Lena looked at her screen. SolidWorks was open, and the GearTrax dialog was still up, displaying the sun gear’s parameters. She thought about the months of struggle, the math, the pride. Then she thought about the hum of a successful test.
Over the next hour, Lena became a maestro. She generated the sun gear, then clicked Planetary . She defined the carrier constraints and the fixed ring gear. GearTrax automatically calculated the center distances, checked for interference, and even generated a report showing the contact ratio and expected stress values. The software did in seconds what would have taken her a week. solidworks geartrax
Her boss, a pragmatic man named Tom, had finally thrown a lifeline onto her desk. It was a printout of a website: Camnetics GearTrax . Lena looked at her screen
Her traditional method was manual. She’d spend days calculating parameters, building a 3D sketch of the involute curve using complex equations, then extruding and adding helical sweeps.

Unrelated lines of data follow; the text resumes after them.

text \<open>The darts \<open>\<phi>\<^sup>i (\<sigma> e)\<close> for \<open>-3 \<le> i \<le> 2\<close> are told apart by where their tails lie
relative to \<open>v\<close> and \<open>C\<close>, the remaining pairs by their \<open>\<phi>\<close>-successors.\<close>

lemma card_face_at_separating_corner:
  assumes no_leaf: "\<And>d. d \<in> D \<Longrightarrow> \<sigma> d \<noteq> d"
    and C: "sealed_by (orbit \<sigma> e) C" and e: "e \<in> D"
    and out: "orbit \<sigma> (\<alpha> e) \<notin> C" and into: "orbit \<sigma> (\<alpha> (\<sigma> e)) \<in> C"
  shows "6 \<le> card (orbit (face_perm \<alpha> \<sigma>) (\<sigma> e))"
proof -
  define \<phi> where "\<phi> = face_perm \<alpha> \<sigma>"
  have perm: "permutation \<phi>"
    unfolding \<phi>_def using face_perm_permutes finite_darts permutation_permutes by blast
  have \<phi>_in: "\<phi> d \<in> D" "inv \<phi> d \<in> D" if "d \<in> D" for d
    unfolding \<phi>_def using that face_perm_permutes permutes_in_image permutes_inv by metis+
  have \<phi>_inv: "\<phi> (inv \<phi> d) = d" for d
    using perm permutation_bijective bij_inv_eq_iff by metis
  define x0 x1 x2 y0 z1 z2 where "x0 = \<sigma> e" and "x1 = \<phi> x0" and "x2 = \<phi> x1"
    and "y0 = \<alpha> e" and "z1 = inv \<phi> y0" and "z2 = inv \<phi> z1"
  have darts: "x0 \<in> D" "x1 \<in> D" "z1 \<in> D" "z2 \<in> D"
    unfolding x0_def x1_def z1_def z2_def y0_def using e \<phi>_in by simp_all
  have "sealed_by (orbit \<sigma> x0) C" using C unfolding x0_def by simp
  from face_after_corner[OF no_leaf this darts(1)] into
  have x1_C: "orbit \<sigma> x1 \<in> C" and x2_C: "orbit \<sigma> x2 \<in> C"
    unfolding x0_def x1_def x2_def \<phi>_def by simp_all
  have "\<phi> z1 = \<alpha> e" "\<phi> z2 = z1"
    unfolding z1_def z2_def y0_def using \<phi>_inv by simp_all
  from face_before_corner[OF no_leaf C e out darts(3,4)] this
  have z1_v: "orbit \<sigma> z1 \<noteq> orbit \<sigma> e" and z1_C: "orbit \<sigma> z1 \<notin> C"
    and z2_C: "orbit \<sigma> z2 \<notin> C"
    unfolding \<phi>_def by auto
  have x0_v: "orbit \<sigma> x0 = orbit \<sigma> e" and y0_v: "orbit \<sigma> y0 \<noteq> orbit \<sigma> e"
    unfolding x0_def y0_def using no_loop[OF e] by simp_all
  have \<phi>_neq: "\<phi> d \<noteq> d" if "d \<in> D" for d
    using no_loop[OF that] vertex_face_perm[of d] unfolding \<phi>_def by force
  have x1_x2: "x1 \<noteq> x2" and y0_z1: "y0 \<noteq> z1" and z1_z2: "z1 \<noteq> z2"
    using \<phi>_neq darts \<open>\<phi> z1 = \<alpha> e\<close> \<open>\<phi> z2 = z1\<close> unfolding x2_def y0_def by metis+
  have "\<phi> y0 = x0"
    unfolding y0_def x0_def \<phi>_def face_perm_def using e by simp
  then have x0_z2: "x0 \<noteq> z2" and y0_z2: "y0 \<noteq> z2"
    using \<open>\<phi> z2 = z1\<close> x1_def x1_C z1_C x0_v z1_v by force+
  have v_C: "orbit \<sigma> e \<notin> C" and y0_C: "orbit \<sigma> y0 \<notin> C"
    using C out unfolding sealed_by_def y0_def by simp_all
  have "x0 \<noteq> x1" "x0 \<noteq> x2" "x1 \<noteq> y0" "x1 \<noteq> z1" "x1 \<noteq> z2"
    "x2 \<noteq> y0" "x2 \<noteq> z1" "x2 \<noteq> z2"
    using x0_v v_C x1_C x2_C y0_C z1_C z2_C by metis+
  moreover have "x0 \<noteq> y0" "x0 \<noteq> z1"
    using x0_v y0_v z1_v by metis+
  ultimately have dist: "distinct [x0, x1, x2, y0, z1, z2]"
    using x1_x2 y0_z1 z1_z2 x0_z2 y0_z2 by simp
  have "orbit \<phi> y0 = orbit \<phi> x0"
    using permutation_orbit_step[OF perm, of y0] \<open>\<phi> y0 = x0\<close> by simp
  moreover have "orbit \<phi> z1 = orbit \<phi> y0" "orbit \<phi> z2 = orbit \<phi> z1"
    using permutation_orbit_step[OF perm] \<open>\<phi> z1 = \<alpha> e\<close> \<open>\<phi> z2 = z1\<close>
    unfolding y0_def by metis+
  ultimately have "{x0, x1, x2, y0, z1, z2} \<subseteq> orbit \<phi> x0"
    using permutation_self_in_orbit[OF perm] unfolding x1_def x2_def
    by (auto intro: orbit.base orbit.step)
  moreover have "finite (orbit \<phi> x0)"
    using finite_orbit[OF permutation_self_in_orbit[OF perm]] .
  ultimately have "card {x0, x1, x2, y0, z1, z2} \<le> card (orbit \<phi> x0)"
    by (rule card_mono[rotated])
  then show ?thesis
    using distinct_card[OF dist] unfolding \<phi>_def x0_def by simp
qed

But for the Mark VII, she needed three different gear types: a sun gear, four planets, and a fixed ring gear. The first prototype had failed catastrophically on the test rig—the teeth had interference, the stress concentrations were in the wrong places, and the dreaded "under-cut" had weakened the root of the sun gear. Then she thought about the hum of a successful test
The problem was the Mark VII Actuator. It was a compact, high-torque marvel for a new generation of subsea drilling equipment. The heart of the actuator was a complex, nested planetary gear train. It needed to transmit 4,000 Nm of torque inside a housing no larger than a coffee can. Lena had designed the housing, the bearings, the lubrication channels. But the gears—the very soul of the machine—were defeating her.